Мы взяли по ложке, весившей не менее полуфунта каждая, и вытащили яйца, сработанные из крутого теста. Я едва не бросил своего яйца, заметив в нем нечто вроде цыпленка. Но затем я услыхал, как какой-то старый сотрапезник крикнул: — Э, да тут что-то вкусное! И я вытащил из скорлупы жирного винноягодника, приготовленного под соусом из перца и яичного желтка.
XXXIV. Тримальхион, кончив игру, потребовал себе всего, что перед тем ели мы, и громким голосом дал разрешение всем, кто хочет, требовать еще медового вина. В это время по данному знаку грянула музыка, и поющий хор убрал подносы с закусками. В суматохе упало большое (серебряное) блюдо; один из отроков его поднял, но заметивший это Тримальхион велел надавать рабу затрещин, а блюдо бросил обратно на пол. Явившийся раб стал выметать серебро вместе с прочим мусором за дверь. Затем пришли два молодых эфиопа, оба с маленькими бурдюками, вроде тех, из которых рассыпают песок в амфитеатрах, и омыли нам руки вином. Воды никому не подали.
75. Марциал, Epigr.
М. Валерий Марциал родился в Испании около 40 г., умер около 100 г. Выбился в люди благодаря своему поэтическому таланту и беспардонному подхалимству. Император Тит оцепил его талант и возвел его в достоинство всадника; он был придворным поэтом Домициана, которому посвящена значительная часть его эпиграмм. Он прямо афиширует свою продажность. В эпиграмме VIII 24 он пишет, обращаясь к Домициану:
Если чего попрошу в стыдливой и тоненькой книжке,
Коль не бесстыдным тебе лист мой покажется, дай
И, если ты и не дашь, допусти прошение, Цезарь;
Зевсу от ладана нет и от молитвы обид.
Кто из злата творит иль мрамора лики святые,
Не создает тот богов; молит кто — тот создает.

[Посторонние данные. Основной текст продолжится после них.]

lemma localizable_imp_indep_dom_alpha_theta_eq:
  assumes "finite V" "localizable V E"
  shows "indep_dom V E = alpha V E" "alpha V E = theta V E"
proof -
  obtain P where P: "partition_on V P" "\<forall>C\<in>P. strong_clique V E C"
    using assms(2) unfolding localizable_def by blast
  obtain S where "maximal_indep V E S" "card S = indep_dom V E"
    using exists_maximal_indep_card_indep_dom[OF assms(1)] .
  then have "indep_dom V E = card P"
    using card_maximal_indep_eq_card_strong_partition[OF assms(1) P] by simp
  moreover have "theta V E \<le> card P"
    using theta_le_card_clique_partition[OF assms(1) strong_partition_is_clique_partition[OF P]] .
  ultimately show "indep_dom V E = alpha V E" "alpha V E = theta V E"
    using indep_dom_le_alpha[OF assms(1), of E] alpha_le_theta[OF assms(1), of E] by linarith+
qed

lemma localizable_iff_indep_dom_eq_theta:
  assumes "finite V"
  shows "localizable V E \<longleftrightarrow> indep_dom V E = theta V E"
proof
  assume "localizable V E"
  then show "indep_dom V E = theta V E"
    using localizable_imp_indep_dom_alpha_theta_eq[OF assms] by simp
next
  assume eq: "indep_dom V E = theta V E"
  obtain P where P: "clique_partition V E P" "card P = theta V E"
    using exists_clique_partition_card_theta[OF assms] .
  then have "\<forall>C\<in>P. strong_clique V E C"
    using strong_cliques_of_card_le_indep_dom[OF assms] eq by simp
  then show "localizable V E"
    using P(1) unfolding localizable_def clique_partition_def by blast
qed

lemma localizable_iff_strong_partition_of_card_alpha:
  assumes "finite V"
  shows "localizable V E
    \<longleftrightarrow> (\<exists>P. partition_on V P \<and> card P = alpha V E \<and> (\<forall>C\<in>P. strong_clique V E C))"
proof
  assume "localizable V E"
  then obtain P where P: "partition_on V P" "\<forall>C\<in>P. strong_clique V E C"
    unfolding localizable_def by blast
  obtain S where "maximal_indep V E S" "card S = alpha V E"
    using exists_maximal_indep_card_alpha[OF assms] .
  then show "\<exists>P. partition_on V P \<and> card P = alpha V E \<and> (\<forall>C\<in>P. strong_clique V E C)"
    using P card_maximal_indep_eq_card_strong_partition[OF assms P] by auto
qed (auto simp: localizable_def)

lemma localizable_iff_clique_partitions_of_card_alpha_strong:
  assumes "finite V"
  shows "localizable V E
    \<longleftrightarrow> (\<exists>P. clique_partition V E P \<and> card P = alpha V E)
        \<and> (\<forall>P. clique_partition V E P \<and> card P = alpha V E \<longrightarrow> (\<forall>C\<in>P. strong_clique V E C))"
proof
  assume L: "localizable V E"
  obtain Q where "clique_partition V E Q" "card Q = theta V E"
    using exists_clique_partition_card_theta[OF assms] .
  then show "(\<exists>P. clique_partition V E P \<and> card P = alpha V E)
      \<and> (\<forall>P. clique_partition V E P \<and> card P = alpha V E \<longrightarrow> (\<forall>C\<in>P. strong_clique V E C))"
    using localizable_imp_indep_dom_alpha_theta_eq[OF assms L]
      strong_cliques_of_card_le_indep_dom[OF assms] by auto
qed (auto simp: localizable_def clique_partition_def)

От Марциала дошли до нас 12 книг эпиграмм и 2 книги «Гостинцев» («Apophoreta») — записок-двустиший, которые, по словам поэта, должны заменить подарки.
Творчество Марциала отражает настроения римской рабовладельческой и денежной знати, перестраивавшейся в условиях упадка старых методов эксплуатации и в направлении новых, не менее жестоких, выраставших из противоречий рабовладельческого общества. Все интересы поэта вращаются вокруг спальни и пиршественного стола. Его остроумные, подчас цинично-грубые эпиграммы показывают класс рабовладельцев-аграриев и ростовщиков в период разложения рабовладельческого общества, когда «всеобщему бесправию и отчаянию по поводу того, что наступление лучших времен невозможно, соответствовали всеобщая апатия и деморализация». Существование паразитирующих богачей и царедворцев «заполнялось наживой богатства, наслаждениями богатством, частными сплетнями, частными интригами». Этой характеристике, данной Энгельсом, как нельзя более соответствуют герои Марциала. Интересно, что, будучи выскочкой, он кокетничает изысканностью своего вкуса, тонкостью понимания наслаждений жизнью и с жестоким презрением высмеивает безвкусицу, аляповатую роскошь и самодовольное чванство «нуворишей», т. е. богатых «выскочек» вроде Зоила. В этом смысле эпиграммы Марциала — ценный памятник эпохи. Вместе с тем они представляют собой сокровищницу материалов для знакомства с бытом высших классов того времени. Утварь, одежда, вина, кушанья, косметика, посуда, предметы искусства — все эти тысячи мелочей занимают внимание поэта, от которого мы таким образом узнаем, какие товары производились, где и для кого, какова была обстановка в доме богатого римлянина, какие существовали игры, развлечения и т. п.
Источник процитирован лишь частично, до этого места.